## [Task requirements]
Write out, word for word, every line in the data below from the one containing "mean \<open>m(\<theta>, x)" to the one containing "estimating equation under", both of them included.

● ● ● ●

definition well_specified :: "(('y \<times> 'x) measure \<Rightarrow> 'b) \<Rightarrow> 'y measure \<Rightarrow> 'x measure \<Rightarrow> 'x measure set \<Rightarrow> ('x \<Rightarrow> 'y measure) \<Rightarrow> bool" where
  "well_specified \<theta>f MY MX Acc K \<longleftrightarrow>
     (\<forall>PX\<in>Acc. \<forall>PX'\<in>Acc. \<theta>f (joint MY MX K PX) = \<theta>f (joint MY MX K PX'))"

end

theory Submission
  imports Defs
begin

text \<open>
  Disintegrating the joint law, \<open>E[\<psi>(\<theta>; Y, X)] = \<integral> m(\<theta>, x) dP\<^sub>X(x)\<close> with the conditional
  mean \<open>m(\<theta>, x) = E[\<psi>(\<theta>; Y, X) | X = x]\<close>. If \<open>m(\<theta>\<^sub>0, \<cdot>)\<close> vanishes identically, \<open>\<theta>\<^sub>0\<close> solves the
  estimating equation under every regressor law, so uniqueness forces \<open>\<theta>(P) = \<theta>\<^sub>0\<close> throughout.
  Conversely, if \<open>\<theta>(P) = \<theta>\<^sub>0\<close> for all acceptable \<open>P\<^sub>X\<close>, then \<open>\<integral> m(\<theta>\<^sub>0, \<cdot>) dQ = 0\<close> for every
  acceptable \<open>Q\<close>; applied to \<open>Q\<^sub>0\<close> and to the mixture \<open>(Q\<^sub>0 + \<delta>\<^sub>x) / 2\<close> this gives
  \<open>m(\<theta>\<^sub>0, x) = 0\<close> for every \<open>x\<close>.
\<close>

lemma sets_mix_measure [simp, measurable_cong]: "sets (mix_measure MX t P P') = sets MX"
  unfolding mix_measure_def by simp

lemma space_mix_measure [simp]: "space (mix_measure MX t P P') = space MX"
  unfolding mix_measure_def by (simp add: space_measure_of_conv)

lemma emeasure_mix_measure:
  assumes P: "sets P = sets MX" and P': "sets P' = sets MX" and A: "A \<in> sets MX"
  shows "emeasure (mix_measure MX t P P') A = ennreal (1 - t) * emeasure P A + ennreal t * emeasure P' A"
  unfolding mix_measure_def
proof (rule emeasure_measure_of_sigma[OF sets.sigma_algebra_axioms _ _ A])
  show "positive (sets MX) (\<lambda>A. ennreal (1 - t) * emeasure P A + ennreal t * emeasure P' A)"
    by (simp add: positive_def)
  show "countably_additive (sets MX) (\<lambda>A. ennreal (1 - t) * emeasure P A + ennreal t * emeasure P' A)"
    unfolding countably_additive_def
  proof (intro allI impI)
    fix B :: "nat \<Rightarrow> _"
    assume B: "range B \<subseteq> sets MX" "disjoint_family B" "\<Union> (range B) \<in> sets MX"
    have "(\<Sum>i. emeasure P (B i)) = emeasure P (\<Union> (range B))"
      "(\<Sum>i. emeasure P' (B i)) = emeasure P' (\<Union> (range B))"
      using B P P' by (intro suminf_emeasure; auto)+
    then show "(\<Sum>i. ennreal (1 - t) * emeasure P (B i) + ennreal t * emeasure P' (B i)) =
        ennreal (1 - t) * emeasure P (\<Union> (range B)) + ennreal t * emeasure P' (\<Union> (range B))"
      by (simp add: suminf_add[symmetric])
  qed
qed

lemma nn_integral_mix_measure:
  assumes P: "sets P = sets MX" and P': "sets P' = sets MX" and f: "f \<in> borel_measurable MX"
  shows "(\<integral>\<^sup>+x. f x \<partial>mix_measure MX t P P') =
    ennreal (1 - t) * (\<integral>\<^sup>+x. f x \<partial>P) + ennreal t * (\<integral>\<^sup>+x. f x \<partial>P')"
  using f
proof induction
  case (cong f g)
  have "space P = space MX" "space P' = space MX"
    using P P' by (auto dest: sets_eq_imp_space_eq)
  then have "integral\<^sup>N (mix_measure MX t P P') f = integral\<^sup>N (mix_measure MX t P P') g"
    "integral\<^sup>N P f = integral\<^sup>N P g" "integral\<^sup>N P' f = integral\<^sup>N P' g"
    using cong.hyps(3) by (auto intro!: nn_integral_cong)
  then show ?case using cong(4) by simp
next
  case (set A)
  then show ?case using P P' by (simp add: emeasure_mix_measure)
next
  case (mult f c)
  then have "f \<in> borel_measurable (mix_measure MX t P P')"
    "f \<in> borel_measurable P" "f \<in> borel_measurable P'"
    using P P' by (auto cong: measurable_cong_sets)
  with mult show ?case
    by (simp add: nn_integral_cmult distrib_left mult.left_commute)
next
  case (add f g)
  then have "f \<in> borel_measurable (mix_measure MX t P P')"
    "f \<in> borel_measurable P" "f \<in> borel_measurable P'"
    "g \<in> borel_measurable (mix_measure MX t P P')"
    "g \<in> borel_measurable P" "g \<in> borel_measurable P'"
    using P P' by (auto cong: measurable_cong_sets)
  with add show ?case
    by (simp add: nn_integral_add algebra_simps)
next
  case (seq U)
  then have m: "\<And>i. U i \<in> borel_measurable (mix_measure MX t P P')"
    "\<And>i. U i \<in> borel_measurable P" "\<And>i. U i \<in> borel_measurable P'"
    using P P' by (auto cong: measurable_cong_sets)
  have "incseq (\<lambda>i. ennreal (1 - t) * integral\<^sup>N P (U i))"
    "incseq (\<lambda>i. ennreal t * integral\<^sup>N P' (U i))"
    using seq(3) m by (auto simp: incseq_def le_fun_def intro!: mult_left_mono nn_integral_mono)
  with seq m show ?case
    by (simp add: nn_integral_monotone_convergence_SUP ennreal_SUP_add[symmetric]
        SUP_mult_left_ennreal image_comp)
qed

● ● ● ●

## [Answer]
  mean \<open>m(\<theta>, x) = E[\<psi>(\<theta>; Y, X) | X = x]\<close>. If \<open>m(\<theta>\<^sub>0, \<cdot>)\<close> vanishes identically, \<open>\<theta>\<^sub>0\<close> solves the
  estimating equation under every regressor law, so uniqueness forces \<open>\<theta>(P) = \<theta>\<^sub>0\<close> throughout.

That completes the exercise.